NAND flash memory is known as one type of nonvolatile semiconductor memory. The cell structure of a NAND flash memory is a stacked gate structure with a first insulating film, a charge storage film, a second insulating film, and a control gate electrode stacked on a semiconductor layer in this order. The first insulating film is also called a “tunnel insulating film.” The second insulating film is called an “intergate insulating film” when the charge storage film is a floating gate electrode formed of polycrystalline silicon, and called a “block insulating film” when the charge storage film is an insulating film that stores charge.

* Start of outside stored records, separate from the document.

lemma outcome_prob_split3_le:
  assumes "is_povm S Outs M" "oc \<in> Outs"
  shows "outcome_prob S M oc w
    \<le> 2 * outcome_prob S M oc (basis_proj (\<lambda>a. \<not> P a) w)
      + 4 * outcome_prob S M oc (basis_proj (\<lambda>a. P a \<and> \<not> R a) w)
      + 4 * outcome_prob S M oc (basis_proj (\<lambda>a. P a \<and> R a) w)"
proof -
  have "w = (\<lambda>a. basis_proj (\<lambda>a. \<not> P a) w a + basis_proj P w a)"
    unfolding basis_proj_def by auto
  then have "outcome_prob S M oc w
      \<le> 2 * outcome_prob S M oc (basis_proj (\<lambda>a. \<not> P a) w) + 2 * outcome_prob S M oc (basis_proj P w)"
    using outcome_prob_add_le[OF assms] by metis
  moreover have "basis_proj P w
      = (\<lambda>a. basis_proj (\<lambda>a. P a \<and> \<not> R a) w a + basis_proj (\<lambda>a. P a \<and> R a) w a)"
    unfolding basis_proj_def by auto
  then have "outcome_prob S M oc (basis_proj P w)
      \<le> 2 * outcome_prob S M oc (basis_proj (\<lambda>a. P a \<and> \<not> R a) w)
        + 2 * outcome_prob S M oc (basis_proj (\<lambda>a. P a \<and> R a) w)"
    using outcome_prob_add_le[OF assms] by metis
  ultimately show ?thesis by linarith
qed

lemma lists_length_0_eq: "{xs. set xs \<subseteq> X \<and> length xs = 0} = {[]}"
  by auto

lemma sum_lists_length_Suc:
  assumes "finite X"
  shows "(\<Sum>xs\<in>{xs. set xs \<subseteq> X \<and> length xs = Suc m}. g xs)
    = (\<Sum>x\<in>X. \<Sum>xs\<in>{xs. set xs \<subseteq> X \<and> length xs = m}. g (x # xs))"
proof -
  let ?L = "{xs. set xs \<subseteq> X \<and> length xs = m}"
  have "inj_on (\<lambda>(xs, x). x # xs) (?L \<times> X)"
    by (auto simp: inj_on_def)
  then have "(\<Sum>xs\<in>{xs. set xs \<subseteq> X \<and> length xs = Suc m}. g xs) = (\<Sum>(xs, x)\<in>?L \<times> X. g (x # xs))"
    by (simp add: lists_length_Suc_eq sum.reindex case_prod_unfold)
  also have "\<dots> = (\<Sum>x\<in>X. \<Sum>xs\<in>?L. g (x # xs))"
    by (simp add: sum.cartesian_product[symmetric] sum.swap[of _ X])
  finally show ?thesis .
qed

Conventionally, the first insulating film and the second insulating film have been formed of silicon oxide or silicon oxynitride. However, as flash memories tend to decrease in size and increase in capacity, the interference between cells becomes more remarkable in rocket-type cells. For this reason, the employment of a planar cell structure instead of the rocket-type cell structure is being studied. However, silicon oxide or silicon oxynitride that has been conventionally used to form the second insulating film is, in the case of a planar cell structure, insufficient to ensure the coupling ratio and to maintain the insulation between the floating gate electrode or charge storage film and the control gate electrode. Therefore, a material of even higher dielectric constant needs to be used. Due to its high dielectric constant, wide bandgap, and high thermal stability, the application of a lanthanum aluminum silicon oxide film to the second insulating film is pursued.
However, the requirements of the second insulating film are not only a low leakage current but also a high breakdown voltage and a low charge-trapping capability. It is therefore important to improve the reliability of the high-k material used to form the second insulating film. Besides ensuring the reliability of the second insulating film, preventing the degradation of the first insulating film caused by write and erase operations is necessary in order to improve the reliability of the memory cell itself. As has been described, a nonvolatile semiconductor memory having highly reliable memory cells is required.